In this repository, the result of our teamwork (Hojjat Rezaei, Navid All Gharaee, Amirali Vojdanifard, and I) for the Information Retrieval Course homework are gathered in the form of the following phases/directories:
- Text preprocessing & indexing
- Cosine distance & Query expansion
- Data crawling
- Elastic search
- Collaborative Filtering
In this phase, we were supposed to work with a dataset containing information of 2824 provided in here. In this regard, first, we preprocessed and tokenized the content of each book. As the next step, we performed invert-indexing on the extracted tokens.
Please note that since the process of preprocessing different pieces of text was completely independently done, in order to speed up the process, we performed preprocessing step via multiple threads (user can specify the number of threads by --threads
)
In this step, we performed various text preprocessing techniques such that users can enable/disable each of them, based on their needs, by passing a True
flag while running the program.
main.py [-h] [--raw-data-path RAW_DATA_PATH]
[--preprocessed-data-path PREPROCESSED_DATA_PATH]
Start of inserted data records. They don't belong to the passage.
(* If a finite group $G$ is a $Q\sigma T$-group, then every quotient $G/N$ of $G$ by a normal subgroup $N$ is also a $Q\sigma T$-group.
   Context: $\sigma=\{\sigma_i\mid i\in I\}$ is a partition of the set of all primes. A group is $\sigma$-primary if it is a $\sigma_i$-group for some $i$. $A_G$ is the core of $A$ in $G$. $A$ is $\sigma$-subnormal in $G$ if there is a chain $A=A_0\le\cdots\le A_n=G$ with, for each $i$, $A_{i-1}\trianglelefteq A_i$ or $A_i/(A_{i-1})_{A_i}$ $\sigma$-primary. $A$ is modular in $G$ if (1) $\langle X, A\cap Z\rangle=\langle X,A\rangle\cap Z$ for all $X\le Z\le G$, and (2) $\langle A, Y\cap Z\rangle=\langle A,Y\rangle\cap Z$ for all $Y,Z\le G$ with $A\le Z$. $A$ is $\sigma$-quasinormal in $G$ if it is $\sigma$-subnormal and modular. $G$ is a $Q\sigma T$-group if whenever $H$ is $\sigma$-quasinormal in $K$ and $K$ is $\sigma$-quasinormal in $G$, $H$ is $\sigma$-quasinormal in $G$. *)

theory Defs
  imports "HOL-Algebra.Algebra" "HOL-Computational_Algebra.Primes"
begin

definition sigma_partition :: "nat set set \<Rightarrow> bool" where
  "sigma_partition \<Sigma> \<longleftrightarrow>
     (\<forall>s\<in>\<Sigma>. s \<noteq> {}) \<and> \<Union>\<Sigma> = {p. Factorial_Ring.prime (p::nat)} \<and>
     (\<forall>s\<in>\<Sigma>. \<forall>t\<in>\<Sigma>. s \<noteq> t \<longrightarrow> s \<inter> t = {})"

definition pi_group :: "nat set \<Rightarrow> ('a, 'b) monoid_scheme \<Rightarrow> bool" where
  "pi_group \<pi> H \<longleftrightarrow> (\<forall>p. Factorial_Ring.prime (p::nat) \<and> p dvd order H \<longrightarrow> p \<in> \<pi>)"

definition sigma_primary :: "nat set set \<Rightarrow> ('a, 'b) monoid_scheme \<Rightarrow> bool" where
  "sigma_primary \<Sigma> H \<longleftrightarrow> (\<exists>s\<in>\<Sigma>. pi_group s H)"

definition core :: "('a, 'b) monoid_scheme \<Rightarrow> 'a set \<Rightarrow> 'a set" where
  "core G A = (\<Inter>g\<in>carrier G. (g <#\<^bsub>G\<^esub> A) #>\<^bsub>G\<^esub> inv\<^bsub>G\<^esub> g)"

definition sigma_subnormal :: "nat set set \<Rightarrow> ('a, 'b) monoid_scheme \<Rightarrow> 'a set \<Rightarrow> bool" where
  "sigma_subnormal \<Sigma> G A \<longleftrightarrow>
     (\<exists>(n::nat) (f::nat \<Rightarrow> 'a set). f 0 = A \<and> f n = carrier G \<and>
        (\<forall>i\<le>n. subgroup (f i) G) \<and>
        (\<forall>i<n. f i \<subseteq> f (Suc i) \<and>
           (f i \<lhd> G\<lparr>carrier := f (Suc i)\<rparr> \<or>
            sigma_primary \<Sigma> ((G\<lparr>carrier := f (Suc i)\<rparr>) Mod (core (G\<lparr>carrier := f (Suc i)\<rparr>) (f i))))))"

definition modular_subgroup :: "('a, 'b) monoid_scheme \<Rightarrow> 'a set \<Rightarrow> bool" where
  "modular_subgroup G A \<longleftrightarrow> subgroup A G \<and>
     (\<forall>U W. subgroup U G \<longrightarrow> subgroup W G \<longrightarrow> U \<subseteq> W \<longrightarrow>
        generate G (U \<union> (A \<inter> W)) = generate G (U \<union> A) \<inter> W) \<and>
     (\<forall>V W. subgroup V G \<longrightarrow> subgroup W G \<longrightarrow> A \<subseteq> W \<longrightarrow>
        generate G (A \<union> (V \<inter> W)) = generate G (A \<union> V) \<inter> W)"

definition sigma_quasinormal :: "nat set set \<Rightarrow> ('a, 'b) monoid_scheme \<Rightarrow> 'a set \<Rightarrow> bool" where
  "sigma_quasinormal \<Sigma> G A \<longleftrightarrow> subgroup A G \<and> sigma_subnormal \<Sigma> G A \<and> modular_subgroup G A"

definition QsigmaT :: "nat set set \<Rightarrow> ('a, 'b) monoid_scheme \<Rightarrow> bool" where
  "QsigmaT \<Sigma> G \<longleftrightarrow>
     (\<forall>H K. sigma_quasinormal \<Sigma> G K \<longrightarrow> sigma_quasinormal \<Sigma> (G\<lparr>carrier := K\<rparr>) H \<longrightarrow>
        sigma_quasinormal \<Sigma> G H)"

end

theory Submission
  imports Defs
begin

(* Taking unions of cosets, X |-> \<Union>X, identifies the subgroups of G/N with the subgroups of
   G containing N; this correspondence is compatible with generated subgroups, intersections,
   cores and the orders of the quotients by cores.  So if K is sigma-quasinormal in G/N and H is
   sigma-quasinormal in K = \<Union>K/N, then \<Union>K is sigma-quasinormal in G and \<Union>H in \<Union>K.
   As G is a Q-sigma-T-group, \<Union>H is sigma-quasinormal, in particular modular, in G, and
   modularity descends to H in G/N; sigma-subnormality of H in G/N is just transitivity of
   sigma-subnormality.  Lifting modularity from G/N to G is the delicate step, because the
   modular identities in G involve subgroups P not containing N: they are replaced by NP, and N
   is removed again by Dedekind's law. *)

lemma (in group) set_mult_subgroup_subset:
  assumes "subgroup S G" "A \<subseteq> S" "B \<subseteq> S"
  shows "A <#> B \<subseteq> S"
  using mono_set_mult[OF assms(2,3), of G] subgroup_mult_id[OF assms(1)] by simp

lemma (in group) Dedekind_law_left:
  assumes C: "subgroup C G" and "A \<subseteq> C" "B \<subseteq> carrier G"
  shows "(A <#> B) \<inter> C = A <#> (B \<inter> C)"
proof
  have "A <#> (B \<inter> C) \<subseteq> A <#> B"
    by (rule mono_set_mult) auto
  moreover have "A <#> (B \<inter> C) \<subseteq> C"
    by (rule set_mult_subgroup_subset[OF C]) (use assms in auto)
  ultimately show "A <#> (B \<inter> C) \<subseteq> (A <#> B) \<inter> C"
    by blast
  show "(A <#> B) \<inter> C \<subseteq> A <#> (B \<inter> C)"
  proof
    fix x assume "x \<in> (A <#> B) \<inter> C"
    then obtain a b where ab: "a \<in> A" "b \<in> B" "x = a \<otimes> b" and "x \<in> C"
      unfolding set_mult_def by blast
    have "a \<in> C" "a \<in> carrier G" "b \<in> carrier G"
      using ab assms subgroup.subset[OF C] by auto
    then have "b = inv a \<otimes> x"
      using ab(3) by (simp add: m_assoc[symmetric])
    then have "b \<in> C"
      using \<open>a \<in> C\<close> \<open>x \<in> C\<close> by (simp add: subgroup.m_closed subgroup.m_inv_closed C)
    then show "x \<in> A <#> (B \<inter> C)"
      using ab unfolding set_mult_def by blast
  qed
qed

lemma (in group) Dedekind_law_right:
  assumes C: "subgroup C G" and "B \<subseteq> C" "A \<subseteq> carrier G"
  shows "(A <#> B) \<inter> C = (A \<inter> C) <#> B"
proof
  have "(A \<inter> C) <#> B \<subseteq> A <#> B"
    by (rule mono_set_mult) auto
  moreover have "(A \<inter> C) <#> B \<subseteq> C"
    by (rule set_mult_subgroup_subset[OF C]) (use assms in auto)
  ultimately show "(A \<inter> C) <#> B \<subseteq> (A <#> B) \<inter> C"
    by blast
  show "(A <#> B) \<inter> C \<subseteq> (A \<inter> C) <#> B"
  proof
    fix x assume "x \<in> (A <#> B) \<inter> C"
    then obtain a b where ab: "a \<in> A" "b \<in> B" "x = a \<otimes> b" and "x \<in> C"
      unfolding set_mult_def by blast
    have "b \<in> C" "a \<in> carrier G" "b \<in> carrier G"
      using ab assms subgroup.subset[OF C] by auto
    then have "a = x \<otimes> inv b"
      using ab(3) by (simp add: m_assoc)
    then have "a \<in> C"
      using \<open>b \<in> C\<close> \<open>x \<in> C\<close> by (simp add: subgroup.m_closed subgroup.m_inv_closed C)
    then show "x \<in> (A \<inter> C) <#> B"
      using ab unfolding set_mult_def by blast
  qed
qed

lemma (in group) subgroup_generate_Un:
  assumes "subgroup K G" "subgroup L G"
  shows "subgroup (generate G (K \<union> L)) G"
  using assms by (intro generate_is_subgroup) (auto dest: subgroup.subset)

lemma order_FactGroup: "order (G Mod N) = card (rcosets\<^bsub>G\<^esub> N)"
  by (simp add: order_def FactGroup_def)

lemma (in group) core_eq:
  assumes "A \<subseteq> carrier G"
  shows "core G A = {x \<in> carrier G. \<forall>g\<in>carrier G. inv g \<otimes> x \<otimes> g \<in> A}"
proof -
  have "x \<in> (g <# A) #> inv g \<longleftrightarrow> x \<in> carrier G \<and> inv g \<otimes> x \<otimes> g \<in> A"
    if g: "g \<in> carrier G" for g x
  proof
    assume "x \<in> (g <# A) #> inv g"
    then obtain a where a: "a \<in> A" "x = g \<otimes> a \<otimes> inv g"
      unfolding l_coset_def r_coset_def by blast
    then have "a \<in> carrier G" using assms by blast
    then show "x \<in> carrier G \<and> inv g \<otimes> x \<otimes> g \<in> A"
      using a g by (simp add: m_assoc[symmetric]) (simp add: m_assoc)
  next
    assume x: "x \<in> carrier G \<and> inv g \<otimes> x \<otimes> g \<in> A"
    then have "x = g \<otimes> (inv g \<otimes> x \<otimes> g) \<otimes> inv g"
      using g by (simp add: m_assoc[symmetric]) (simp add: m_assoc)
    then show "x \<in> (g <# A) #> inv g"
      unfolding l_coset_def r_coset_def using x by blast
  qed
  then show ?thesis
    unfolding core_def by auto
qed

lemma (in group) subgroup_core:
  assumes "subgroup A G"
  shows "subgroup (core G A) G"
proof -
  have "subgroup ((g <# A) #> inv g) G" if "g \<in> carrier G" for g
    using subgroup_conjugation_is_surj1[of "inv g" A] that assms by simp
  then show ?thesis
    unfolding core_def by (intro subgroups_Inter) auto
qed

context normal
begin

lemma group_hom_rcos: "group_hom G (G Mod H) (\<lambda>x. H #> x)"
  by (simp add: group_hom_def group_hom_axioms_def is_group factorgroup_is_group r_coset_hom_Mod)

lemma subset_Union_FactGroup_subgroup:
  assumes "subgroup A (G Mod H)"
  shows "H \<subseteq> \<Union>A"
  using subgroup.one_closed[OF assms] by auto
[--indexed-data-path INDEXED_DATA_PATH]
[--threads THREADS] [--normalize]
[--remove-stop-words] [--remove-punctuations]
[--lemmatize] [--stemmer] [-v]
The used text preprocessing techniques are as follows:
- normalize
- remove punctuations
- remove stop words
- lemmatize
- stemmer
By having preprocessed tokens in hand, the invert-indexing step was so straightforward. We only had to create a dictionary such that its keys were tokens and its values were the index(ID) of each document containing that token.
In this phase, we use the extracted tokens from last phase to compute the cosine similarity between different documents.
To do that, first we have to compute TF-IDF (Term Frequency Inverse Document Frequency). To save computational resources and make it easier to compute TF-IDF, we implemented separate methods for computing TF-IDF for terms that appeared in documents and also appeared in input queries.
Since it is crucial to perform the same preprocessing methods that are used for indexing documents to preprocess the input query, just like in the previous phase the user can/should specify the preprocessing methods to use by flags. The complete list of flags is as follows:
main.py [-h] [-v] [-k K]
[-i INVERTED_INDEXING_DATAFRAME_PATH]
[-p PREPROCESSED_DATAFRAME_PATH] [--normalize]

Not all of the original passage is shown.